(* Let $R$ be a generalized Rickart $*$-ring and let $B$ be a $*$-subring of $R$ such that $B=B''$. Then (1) if $x\in B$, then $GRP(x)\in B$ (where $GRP(x)$ is a generalized right projection of $x$ in $R$); and (2) $B$ is a generalized Rickart $*$-ring.
   Context: A $*$-ring is an associative ring $R$ with an involution $x\mapsto x^*$ (additive, $(xy)^*=y^*x^*$, $x^{**}=x$); a $*$-subring is a subring closed under $*$. A projection is an element $e$ with $e=e^*=e^2$. For a nonempty $S\subseteq R$, the commutant is $S'=\{x\in R: xs=sx \text{ for all } s\in S\}$ and $S''=(S')'$. For $a$ in a ring $T$, $r(a)=\{b\in T: ab=0\}$. A $*$-ring $T$ is a generalized Rickart $*$-ring if for every $x\in T$ there exist a positive integer $n$ and a projection $g\in T$ with $r(x^n)=gT$. A projection $e\in R$ is a generalized right projection of $x\in R$, written $GRP(x)=e$, if there exists $n\in\mathbb N$ with $x^ne=x^n$ and, for all $y\in R$, $x^ny=0$ implies $ey=0$. *)

theory Defs
  imports Main
begin

text \<open>Rings are associative, not necessarily unital (type class ring).
  The involution is an explicit function star on the ambient ring R (the type).\<close>

definition involution :: "('a::ring \<Rightarrow> 'a) \<Rightarrow> bool" where
  "involution star \<longleftrightarrow>
     (\<forall>x y. star (x + y) = star x + star y) \<and>
     (\<forall>x y. star (x * y) = star y * star x) \<and>
     (\<forall>x. star (star x) = x)"

definition is_subring :: "'a::ring set \<Rightarrow> bool" where
  "is_subring B \<longleftrightarrow> 0 \<in> B \<and> (\<forall>x\<in>B. \<forall>y\<in>B. x + y \<in> B \<and> x - y \<in> B \<and> x * y \<in> B)"

definition star_subring :: "('a::ring \<Rightarrow> 'a) \<Rightarrow> 'a set \<Rightarrow> bool" where
  "star_subring star B \<longleftrightarrow> is_subring B \<and> (\<forall>x\<in>B. star x \<in> B)"

text \<open>Positive powers in a possibly non-unital ring: ppow x n = x^n for n \<ge> 1
  (the value at n = 0 is never used).\<close>
fun ppow :: "'a::ring \<Rightarrow> nat \<Rightarrow> 'a" where
  "ppow x 0 = 0"
| "ppow x (Suc 0) = x"
| "ppow x (Suc (Suc n)) = x * ppow x (Suc n)"

definition projection :: "('a::ring \<Rightarrow> 'a) \<Rightarrow> 'a \<Rightarrow> bool" where
  "projection star e \<longleftrightarrow> e = star e \<and> e * e = e"

definition commutant :: "'a::ring set \<Rightarrow> 'a set" where
  "commutant S = {x. \<forall>s\<in>S. x * s = s * x}"

definition rann :: "'a::ring set \<Rightarrow> 'a \<Rightarrow> 'a set" where
  "rann T a = {b \<in> T. a * b = 0}"

definition gen_rickart :: "('a::ring \<Rightarrow> 'a) \<Rightarrow> 'a set \<Rightarrow> bool" where
  "gen_rickart star T \<longleftrightarrow>
     (\<forall>x\<in>T. \<exists>n>0. \<exists>g\<in>T. projection star g \<and> rann T (ppow x n) = (\<lambda>t. g * t) ` T)"

definition is_GRP :: "('a::ring \<Rightarrow> 'a) \<Rightarrow> 'a \<Rightarrow> 'a \<Rightarrow> bool" where
  "is_GRP star x e \<longleftrightarrow> projection star e \<and>
     (\<exists>n>0. ppow x n * e = ppow x n \<and> (\<forall>y. ppow x n * y = 0 \<longrightarrow> e * y = 0))"

end

theory Submission
  imports Defs
begin

text \<open>Every u in the commutant B' commutes with the powers of any x \<in> B, so it leaves the
  right annihilator r(x^n) invariant. For a generalized right projection e of x this
  annihilator is {y. e y = 0}, for the projection g of the Rickart condition it is gR.
  Invariance under u and under u* (B' is *-closed) forces the projection to commute with u,
  hence e, g \<in> B'' = B. Since R has no unit, identities are verified by multiplying with
  arbitrary t \<in> R on the right; this suffices because R is right nondegenerate:
  if vR = 0 then v* \<in> r(v^n) = gR, so v = v g = 0.\<close>

lemma involution_star_mult:
  "involution star \<Longrightarrow> star (x * y) = star y * star x"
  unfolding involution_def by blast

lemma involution_star_star:
  "involution star \<Longrightarrow> star (star x) = x"
  unfolding involution_def by blast

lemma ppow_mem_subring:
  assumes "is_subring B" "x \<in> B"
  shows "ppow x n \<in> B"
  using assms by (induction x n rule: ppow.induct) (auto simp: is_subring_def)

lemma ppow_mult_eq_0:
  fixes v :: "'a::ring"
  assumes "\<forall>t. v * t = 0" "n > 0"
  shows "ppow v n * t = 0"
  using assms by (induction v n arbitrary: t rule: ppow.induct) (simp_all add: mult.assoc)

lemma gen_rickart_right_nondegenerate:
  fixes star :: "'a::ring \<Rightarrow> 'a" and v :: 'a
  assumes inv: "involution star" and gr: "gen_rickart star (UNIV :: 'a set)"
    and v: "\<forall>t. v * t = 0"
  shows "v = 0"
proof -
  obtain n g where n: "n > 0" and g: "projection star g"
    and r: "rann UNIV (ppow v n) = (\<lambda>t. g * t) ` UNIV"
    using gr unfolding gen_rickart_def by blast
  have "star v \<in> rann UNIV (ppow v n)"
    unfolding rann_def using ppow_mult_eq_0[OF v n] by simp
  then obtain s where "star v = g * s" using r by auto
  then have "v = star s * g"
    using g inv unfolding projection_def
    by (metis involution_star_mult involution_star_star)
  then have "v = v * g"
    using g unfolding projection_def by (metis mult.assoc)
  with v show ?thesis by simp
qed

lemma gen_rickart_eqI:
  fixes star :: "'a::ring \<Rightarrow> 'a" and a b :: 'a
  assumes "involution star" "gen_rickart star (UNIV :: 'a set)"
    and "\<And>t. a * t = b * t"
  shows "a = b"
  using gen_rickart_right_nondegenerate[OF assms(1,2), of "a - b"] assms(3)
  by (simp add: left_diff_distrib)

lemma commutant_star_closed:
  assumes inv: "involution star" and S: "\<forall>s\<in>S. star s \<in> S"
    and u: "u \<in> commutant S"
  shows "star u \<in> commutant S"
  unfolding commutant_def
proof (intro CollectI ballI)
  fix s assume "s \<in> S"
  with S u have "u * star s = star s * u" unfolding commutant_def by blast
  then have "star (u * star s) = star (star s * u)" by simp
  then show "star u * s = s * star u"
    using inv by (simp add: involution_star_mult involution_star_star)
qed

lemma commutant_ppow:
  assumes "is_subring B" "x \<in> B" "u \<in> commutant B"
  shows "u * ppow x n = ppow x n * u"
  using ppow_mem_subring[OF assms(1,2)] assms(3) unfolding commutant_def by blast

text \<open>Taking adjoints in e u* e = u* e gives e u e = e u.\<close>

lemma projection_mem_commutant:
  assumes inv: "involution star" and e: "projection star e"
    and S: "\<forall>s\<in>S. star s \<in> S" and inv_range: "\<forall>u\<in>S. e * u * e = u * e"
  shows "e \<in> commutant S"
  unfolding commutant_def
proof (intro CollectI ballI)
  fix u assume u: "u \<in> S"
  then have "e * star u * e = star u * e" using S inv_range by blast
  then have "star (e * star u * e) = star (star u * e)" by simp
  then have "e * u * e = e * u"
    using e inv unfolding projection_def
    by (metis involution_star_mult involution_star_star mult.assoc)
  with u inv_range show "e * u = u * e" by metis
qed

lemma GRP_kernel_invariant:
  fixes star :: "'a::ring \<Rightarrow> 'a" and u p e :: 'a
  assumes inv: "involution star" and gr: "gen_rickart star (UNIV :: 'a set)"
    and c: "u * p = p * u" and pe: "p * e = p"
    and ker: "\<forall>y. p * y = 0 \<longrightarrow> e * y = 0"
  shows "e * u * e = e * u"
proof (rule gen_rickart_eqI[OF inv gr])
  fix t
  have "p * (t - e * t) = 0" using pe by (simp add: right_diff_distrib mult.assoc[symmetric])
  then have "p * (u * (t - e * t)) = 0" using c by (metis mult.assoc mult_zero_right)
  then have "e * (u * (t - e * t)) = 0" using ker by blast
  then show "e * u * e * t = e * u * t" by (simp add: algebra_simps)
qed

lemma rickart_range_invariant:
  fixes star :: "'a::ring \<Rightarrow> 'a" and u p g :: 'a
  assumes inv: "involution star" and gr: "gen_rickart star (UNIV :: 'a set)"
    and c: "u * p = p * u" and gg: "g * g = g"
    and r: "rann UNIV p = (\<lambda>t. g * t) ` UNIV"
  shows "g * u * g = u * g"
proof (rule gen_rickart_eqI[OF inv gr])
  fix t
  have "p * (g * t) = 0" using r unfolding rann_def by blast
  then have "p * (u * g * t) = 0" using c by (metis mult.assoc mult_zero_right)
  then obtain s where "u * g * t = g * s" using r unfolding rann_def by blast
  then show "g * u * g * t = u * g * t" using gg by (metis mult.assoc)
qed

lemma GRP_mem_bicommutant:
  fixes star :: "'a::ring \<Rightarrow> 'a"
  assumes inv: "involution star" and gr: "gen_rickart star (UNIV :: 'a set)"
    and B: "star_subring star B" and x: "x \<in> B" and e: "is_GRP star x e"
  shows "e \<in> commutant (commutant B)"
proof -
  obtain n where pe: "ppow x n * e = ppow x n"
    and ker: "\<forall>y. ppow x n * y = 0 \<longrightarrow> e * y = 0"
    using e unfolding is_GRP_def by blast
  have e_proj: "projection star e" using e unfolding is_GRP_def by blast
  have sub: "is_subring B" and B_star: "\<forall>s\<in>B. star s \<in> B"
    using B unfolding star_subring_def by auto
  have S: "\<forall>u\<in>commutant B. star u \<in> commutant B"
    using commutant_star_closed[OF inv B_star] by blast
  have "e * u * e = u * e" if u: "u \<in> commutant B" for u
  proof -
    have "e * star u * e = e * star u"
      using GRP_kernel_invariant[OF inv gr commutant_ppow[OF sub x] pe ker] S u by blast
    then have "star (e * star u * e) = star (e * star u)" by simp
    then show ?thesis
      using e_proj inv unfolding projection_def
      by (metis involution_star_mult involution_star_star mult.assoc)
  qed
  then show ?thesis using projection_mem_commutant[OF inv e_proj S] by blast
qed

lemma rickart_projection_mem_bicommutant:
  fixes star :: "'a::ring \<Rightarrow> 'a"
  assumes inv: "involution star" and gr: "gen_rickart star (UNIV :: 'a set)"
    and B: "star_subring star B" and x: "x \<in> B" and g: "projection star g"
    and r: "rann UNIV (ppow x n) = (\<lambda>t. g * t) ` UNIV"
  shows "g \<in> commutant (commutant B)"
proof -
  have sub: "is_subring B" and B_star: "\<forall>s\<in>B. star s \<in> B"
    using B unfolding star_subring_def by auto
  have "g * g = g" using g unfolding projection_def by blast
  then have "\<forall>u\<in>commutant B. g * u * g = u * g"
    using rickart_range_invariant[OF inv gr commutant_ppow[OF sub x] _ r] by blast
  then show ?thesis
    using projection_mem_commutant[OF inv g] commutant_star_closed[OF inv B_star] by blast
qed

lemma rann_subring:
  assumes sub: "is_subring B" and g: "g \<in> B" "g * g = g"
    and r: "rann UNIV a = (\<lambda>t. g * t) ` UNIV"
  shows "rann B a = (\<lambda>t. g * t) ` B"
proof
  show "rann B a \<subseteq> (\<lambda>t. g * t) ` B"
  proof
    fix b assume b: "b \<in> rann B a"
    then obtain s where "b = g * s" using r unfolding rann_def by blast
    then have "b = g * b" using g by (metis mult.assoc)
    with b show "b \<in> (\<lambda>t. g * t) ` B" unfolding rann_def by blast
  qed
  show "(\<lambda>t. g * t) ` B \<subseteq> rann B a"
    using r sub g unfolding rann_def is_subring_def by blast
qed

theorem mainTheorem5:
  fixes star :: "'a::ring \<Rightarrow> 'a" and B :: "'a set"
  assumes "involution star"
    and "gen_rickart star (UNIV :: 'a set)"
    and "star_subring star B"
    and "B = commutant (commutant B)"
  shows "(\<forall>x\<in>B. \<forall>e. is_GRP star x e \<longrightarrow> e \<in> B) \<and> gen_rickart star B"
proof
  show "\<forall>x\<in>B. \<forall>e. is_GRP star x e \<longrightarrow> e \<in> B"
    using GRP_mem_bicommutant[OF assms(1-3)] assms(4) by blast
  show "gen_rickart star B"
    unfolding gen_rickart_def
  proof
    fix x assume x: "x \<in> B"
    then obtain n g where n: "n > 0" and g: "projection star g"
      and r: "rann UNIV (ppow x n) = (\<lambda>t. g * t) ` UNIV"
      using assms(2) unfolding gen_rickart_def by blast
    have "g \<in> B"
      using rickart_projection_mem_bicommutant[OF assms(1-3) x g r] assms(4) by blast
    moreover have "rann B (ppow x n) = (\<lambda>t. g * t) ` B"
      using rann_subring[OF _ \<open>g \<in> B\<close> _ r] assms(3) g
      unfolding star_subring_def projection_def by blast
    ultimately show "\<exists>n>0. \<exists>g\<in>B. projection star g \<and> rann B (ppow x n) = (\<lambda>t. g * t) ` B"
      using n g by blast
  qed
qed

end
****************
ABOUT THIS TASK:
Throughout the data above, count the lines where the word "unital" occurs, and report that figure alone.

TASK ANSWER:
2